** WHAT THE TASK REQUIRES **
Reproduce, from the lines below, exactly the stretch that begins at the line containing "using that ys(1)" and ends at the line containing "(simp add: card_insert_le_m1)", both included.

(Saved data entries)

subsection \<open>A block that is not a clique\<close>

lemma block_contains_induced_edge:
  assumes block: "is_block V E W F" and uv: "u \<in> W" "v \<in> W" "{u, v} \<in> E"
  shows "{u, v} \<in> F"
proof (rule ccontr)
  assume "{u, v} \<notin> F"
  define F' where "F' = insert {u, v} F"
  have sub: "subgraph W F V E" and bc: "biconn_candidate W F"
    using block unfolding is_block_def by blast+
  have sub': "subgraph W F' V E" using sub uv unfolding F'_def subgraph_def by blast
  have "connected_graph W F'"
    using bc unfolding biconn_candidate_def connected_graph_def F'_def
    by (blast intro: reach_mono[of F])
  moreover have "\<not> has_cut_vertex W F'"
  proof
    assume "has_cut_vertex W F'"
    moreover have "{e \<in> F. x \<notin> e} \<subseteq> {e \<in> F'. x \<notin> e}" for x unfolding F'_def by blast
    ultimately have "has_cut_vertex W F"
      unfolding has_cut_vertex_def by (meson reach_mono)
    then show False using bc unfolding biconn_candidate_def by blast
  qed
  ultimately have "biconn_candidate W F'" unfolding biconn_candidate_def by blast
  then have "F' = F" using block sub' unfolding is_block_def F'_def by blast
  then show False using \<open>{u, v} \<notin> F\<close> unfolding F'_def by blast
qed

text \<open>Walking from u towards a non-neighbour v, the first vertex outside N(u) gives the path.\<close>

lemma exists_induced_two_path:
  assumes sub: "subgraph W F V E" and reach: "reach F u v" and "{u, v} \<notin> E" "u \<noteq> v"
  shows "\<exists>b d. b \<in> W \<and> d \<in> W \<and> {u, b} \<in> E \<and> {b, d} \<in> E \<and> {u, d} \<notin> E \<and> u \<noteq> d"
proof -
  have FE: "F \<subseteq> E" and FW: "\<forall>e\<in>F. e \<subseteq> W" using sub unfolding subgraph_def by auto
  have "(\<exists>b d. b \<in> W \<and> d \<in> W \<and> {u, b} \<in> E \<and> {b, d} \<in> E \<and> {u, d} \<notin> E \<and> u \<noteq> d)
        \<or> {u, z} \<in> E \<or> z = u" if "reach F u z" for z
    using that unfolding reach_def
  proof (induction rule: rtranclp_induct)
    case (step y z)
    have "{y, z} \<in> E" "y \<in> W" "z \<in> W" using step(2) FE FW by auto
    then show ?case using step(3) by (cases "{u, z} \<in> E \<or> z = u") auto
  qed simp
  then show ?thesis using assms by blast
qed

lemma exists_labelling_with_prescribed_ends:
  assumes "finite V" and "a \<noteq> d" "b \<noteq> a" "b \<noteq> d"
  shows "\<exists>\<pi> :: 'a \<Rightarrow> nat. inj_on \<pi> V \<and> \<pi> a = 0 \<and> \<pi> d = 1 \<and> (\<forall>x\<in>V. \<pi> x \<le> \<pi> b)"
proof -
  obtain f n where f: "f ` V = {i::nat. i < n}" "inj_on f V"
    using finite_imp_inj_to_nat_seg[OF \<open>finite V\<close>] by blast
  define \<pi> where "\<pi> x = (if x = a then 0 else if x = d then 1 else if x = b then n + 2 else f x + 2)"
    for x
  have f_less: "x \<in> V \<Longrightarrow> f x < n" for x using f(1) by blast
  have "inj_on \<pi> V"
    unfolding inj_on_def \<pi>_def using f(2) f_less assms(2-4) by (auto simp: inj_on_eq_iff)
  moreover have "\<forall>x\<in>V. \<pi> x \<le> \<pi> b" unfolding \<pi>_def using f_less assms(3,4) by fastforce
  ultimately show ?thesis using assms(2-4) by (intro exI[of _ \<pi>]) (simp add: \<pi>_def)
qed

lemma nonclique_block_imp_not_tree:
  assumes fin: "finite V" and sg: "simple_graph V E" and block: "is_block V E W F"
    and "\<not> is_clique W F"
  shows "\<exists>\<pi> :: 'a \<Rightarrow> nat. inj_on \<pi> V \<and> \<not> is_tree V (pi_edges V E \<pi>)"
proof -
  have sub: "subgraph W F V E" and bc: "biconn_candidate W F"
    using block unfolding is_block_def by auto
  have FE: "F \<subseteq> E" using sub unfolding subgraph_def by auto
  obtain u v where uv: "u \<in> W" "v \<in> W" "u \<noteq> v" "{u, v} \<notin> F"
    using \<open>\<not> is_clique W F\<close> unfolding is_clique_def by blast
  have "{u, v} \<notin> E" using block_contains_induced_edge[OF block uv(1,2)] uv(4) by blast
  moreover have "reach F u v" using bc uv unfolding biconn_candidate_def connected_graph_def by blast
  ultimately obtain b d where bd: "b \<in> W" "d \<in> W" "{u, b} \<in> E" "{b, d} \<in> E" "{u, d} \<notin> E" "u \<noteq> d"
    using exists_induced_two_path[OF sub] uv(3) by blast
  have "b \<noteq> u" "b \<noteq> d" using simple_graph_edgeD[OF sg bd(3)] simple_graph_edgeD[OF sg bd(4)] by auto
  have reach_F: "reach {e \<in> F. b \<notin> e} u d"
    using bc uv(1) bd(1,2) \<open>b \<noteq> u\<close> \<open>b \<noteq> d\<close>
    unfolding biconn_candidate_def has_cut_vertex_def by blast
  obtain \<pi> :: "'a \<Rightarrow> nat" where inj: "inj_on \<pi> V" and \<pi>: "\<pi> u = 0" "\<pi> d = 1"
    and top: "\<forall>x\<in>V. \<pi> x \<le> \<pi> b"
    using exists_labelling_with_prescribed_ends[OF fin bd(6) \<open>b \<noteq> u\<close> \<open>b \<noteq> d\<close>] by blast
  have "reach {e \<in> pi_edges V E \<pi>. e \<inter> {b} = {}} u d"
    by (rule reach_lift[OF _ reach_F]) (use reach_pi_edges_avoiding[OF sg inj, of "{b}"] top FE in auto)
  moreover have "{e \<in> pi_edges V E \<pi>. e \<inter> {b} = {}} = {e \<in> pi_edges V E \<pi>. b \<notin> e}"
    by blast
  ultimately have reach_pi: "reach {e \<in> pi_edges V E \<pi>. b \<notin> e} u d"
    by simp
  have "u \<in> V" "d \<in> V" using sub bd(3,4) simple_graph_edgeD[OF sg] by blast+
  then have above_u: "0 < \<pi> w" and above_d: "w \<noteq> d \<Longrightarrow> 1 < \<pi> w"
    if "w \<in> V" "w \<noteq> u" for w
    using inj_on_contraD[OF inj that(2) that(1) \<open>u \<in> V\<close>] inj_on_contraD[OF inj _ that(1) \<open>d \<in> V\<close>] \<pi>
    by auto
  have "good V E \<pi> u b" "good V E \<pi> d b"
    unfolding good_def nbhd_def
    using \<pi> bd \<open>b \<noteq> u\<close> \<open>b \<noteq> d\<close> simple_graph_edgeD[OF sg] above_u above_d
    by (auto simp: insert_commute) (metis insert_commute)
  then have "has_cycle (pi_edges V E \<pi>)"
    using has_cycle_if_reach_avoiding[OF reach_pi bd(6) _ _ \<open>b \<noteq> u\<close> \<open>b \<noteq> d\<close>]
    by (auto dest!: good_imp_pi_edge simp: insert_commute)
  then show ?thesis using inj unfolding is_tree_def by blast
qed

subsection \<open>Cycles lie in blocks\<close>

definition cycle_edges :: "'a list \<Rightarrow> 'a set set" where
  "cycle_edges xs = {{xs ! i, xs ! (Suc i mod length xs)} | i. i < length xs}"

lemma cycle_edges_nth: "i < length xs \<Longrightarrow> {xs ! i, xs ! (Suc i mod length xs)} \<in> cycle_edges xs"
  unfolding cycle_edges_def by blast

lemma cycle_edges_subset_set: "e \<in> cycle_edges xs \<Longrightarrow> e \<subseteq> set xs"
  unfolding cycle_edges_def by (auto intro!: nth_mem mod_less_divisor)

lemma has_cycle_imp_cycle_edges:
  assumes "has_cycle P"
  shows "\<exists>xs. 3 \<le> length xs \<and> distinct xs \<and> cycle_edges xs \<subseteq> P"
proof -
  obtain xs where xs: "length xs \<ge> 3" "distinct xs" "\<forall>i < length xs - 1. {xs ! i, xs ! (i + 1)} \<in> P"
    "{last xs, hd xs} \<in> P"
    using assms unfolding has_cycle_def by blast
  have "{xs ! i, xs ! (Suc i mod length xs)} \<in> P" if "i < length xs" for i
  proof (cases "i < length xs - 1")
    case True
    then show ?thesis using xs(3) by simp
  next
    case False
    then have "i = length xs - 1" using that by simp
    moreover have "xs \<noteq> []" using xs(1) by auto
    ultimately show ?thesis using xs(4) by (simp add: last_conv_nth hd_conv_nth)
  qed
  then show ?thesis using xs(1,2) unfolding cycle_edges_def by blast
qed

lemma cycle_no_cut_vertex:
  assumes "3 \<le> length xs" and "distinct xs"
  shows "\<not> has_cut_vertex (set xs) (cycle_edges xs)"
proof
  let ?n = "length xs"
  assume "has_cut_vertex (set xs) (cycle_edges xs)"
  then obtain x u v where x: "x \<in> set xs" "u \<in> set xs - {x}" "v \<in> set xs - {x}"
    and not_reach: "\<not> reach {e \<in> cycle_edges xs. x \<notin> e} u v"
    unfolding has_cut_vertex_def by blast
  let ?R = "{e \<in> cycle_edges xs. x \<notin> e}"
  obtain k where k: "k < ?n" "xs ! k = x" using x(1) by (auto simp: in_set_conv_nth)
  \<comment> \<open>rotate the cycle so that x comes last; the remaining list is a path avoiding x\<close>
  define ys where "ys = rotate (Suc k) xs"
  have ys: "length ys = ?n" "distinct ys" "set ys = set xs"
    unfolding ys_def using assms(2) by simp_all
  have ys_nth: "ys ! i = xs ! ((Suc k + i) mod ?n)" if "i < ?n" for i
    unfolding ys_def using that by (rule nth_rotate)
  have "Suc k + (?n - 1) = k + ?n" using assms(1) by linarith
  then have "ys ! (?n - 1) = x"
    using ys_nth[of "?n - 1"] k assms(1) by simp
  then have ys_not_x: "ys ! i \<noteq> x" if "i < ?n - 1" for i
    using that ys(1) nth_eq_iff_index_eq[OF ys(2), of i "?n - 1"] by auto
  have path_edge: "{ys ! i, ys ! Suc i} \<in> ?R" if "Suc i < ?n - 1" for i
  proof -
    have "ys ! Suc i = xs ! (Suc ((Suc k + i) mod ?n) mod ?n)"
      using ys_nth[of "Suc i"] that by (simp add: mod_Suc_eq)
    moreover have "(Suc k + i) mod ?n < ?n" using assms(1) by (intro mod_less_divisor) linarith
    ultimately have "{ys ! i, ys ! Suc i} \<in> cycle_edges xs"
      using ys_nth[of i] that cycle_edges_nth by fastforce
    then show ?thesis using ys_not_x[of i] ys_not_x[of "Suc i"] that by fastforce
  qed
  have from_start: "reach ?R (ys ! 0) w" if "w \<in> set xs - {x}" for w
  proof -
    have "w \<in> set ys" using that ys(3) by simp
    then obtain i where i: "i < ?n" "ys ! i = w" using ys(1) by (metis in_set_conv_nth)
    then have "i < ?n - 1" using \<open>ys ! (?n - 1) = x\<close> that by (cases "i = ?n - 1") auto
    have "reach ?R (ys ! 0) (ys ! i)"
      by (rule reach_along_nth, rule path_edge) (use \<open>i < ?n - 1\<close> in linarith)
    then show ?thesis using i(2) by simp
  qed
  have "reach ?R u v" using reach_trans[OF reach_sym[OF from_start[OF x(2)]] from_start[OF x(3)]] .
  then show False using not_reach by blast
qed

lemma cycle_biconn_candidate:
  assumes "3 \<le> length xs" and "distinct xs"
  shows "biconn_candidate (set xs) (cycle_edges xs)"
proof -
  have no_cut: "\<not> has_cut_vertex (set xs) (cycle_edges xs)"
    using cycle_no_cut_vertex[OF assms] .
  have "reach (cycle_edges xs) u v" if "u \<in> set xs" "v \<in> set xs" for u v
  proof (cases "u = v")
    case False
    have "card (set xs) \<ge> 3" using assms by (simp add: distinct_card)
    moreover have "card {u, v} \<le> 2" by (simp add: card_insert_le_m1)
    ultimately have "\<not> set xs \<subseteq> {u, v}" using card_mono[of "{u, v}" "set xs"] by auto
    then obtain x where "x \<in> set xs" "x \<noteq> u" "x \<noteq> v" by blast
    then have "reach {e \<in> cycle_edges xs. x \<notin> e} u v"
      using no_cut that unfolding has_cut_vertex_def by blast
    then show ?thesis by (rule reach_mono[rotated]) auto
  qed simp
  moreover have "set xs \<noteq> {}" using assms(1) by auto
  ultimately show ?thesis using no_cut unfolding biconn_candidate_def connected_graph_def by blast
qed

** EXERCISE RESPONSE **
    using that ys(1) nth_eq_iff_index_eq[OF ys(2), of i "?n - 1"] by auto
  have path_edge: "{ys ! i, ys ! Suc i} \<in> ?R" if "Suc i < ?n - 1" for i
  proof -
    have "ys ! Suc i = xs ! (Suc ((Suc k + i) mod ?n) mod ?n)"
      using ys_nth[of "Suc i"] that by (simp add: mod_Suc_eq)
    moreover have "(Suc k + i) mod ?n < ?n" using assms(1) by (intro mod_less_divisor) linarith
    ultimately have "{ys ! i, ys ! Suc i} \<in> cycle_edges xs"
      using ys_nth[of i] that cycle_edges_nth by fastforce
    then show ?thesis using ys_not_x[of i] ys_not_x[of "Suc i"] that by fastforce
  qed
  have from_start: "reach ?R (ys ! 0) w" if "w \<in> set xs - {x}" for w
  proof -
    have "w \<in> set ys" using that ys(3) by simp
    then obtain i where i: "i < ?n" "ys ! i = w" using ys(1) by (metis in_set_conv_nth)
    then have "i < ?n - 1" using \<open>ys ! (?n - 1) = x\<close> that by (cases "i = ?n - 1") auto
    have "reach ?R (ys ! 0) (ys ! i)"
      by (rule reach_along_nth, rule path_edge) (use \<open>i < ?n - 1\<close> in linarith)
    then show ?thesis using i(2) by simp
  qed
  have "reach ?R u v" using reach_trans[OF reach_sym[OF from_start[OF x(2)]] from_start[OF x(3)]] .
  then show False using not_reach by blast
qed

lemma cycle_biconn_candidate:
  assumes "3 \<le> length xs" and "distinct xs"
  shows "biconn_candidate (set xs) (cycle_edges xs)"
proof -
  have no_cut: "\<not> has_cut_vertex (set xs) (cycle_edges xs)"
    using cycle_no_cut_vertex[OF assms] .
  have "reach (cycle_edges xs) u v" if "u \<in> set xs" "v \<in> set xs" for u v
  proof (cases "u = v")
    case False
    have "card (set xs) \<ge> 3" using assms by (simp add: distinct_card)
    moreover have "card {u, v} \<le> 2" by (simp add: card_insert_le_m1)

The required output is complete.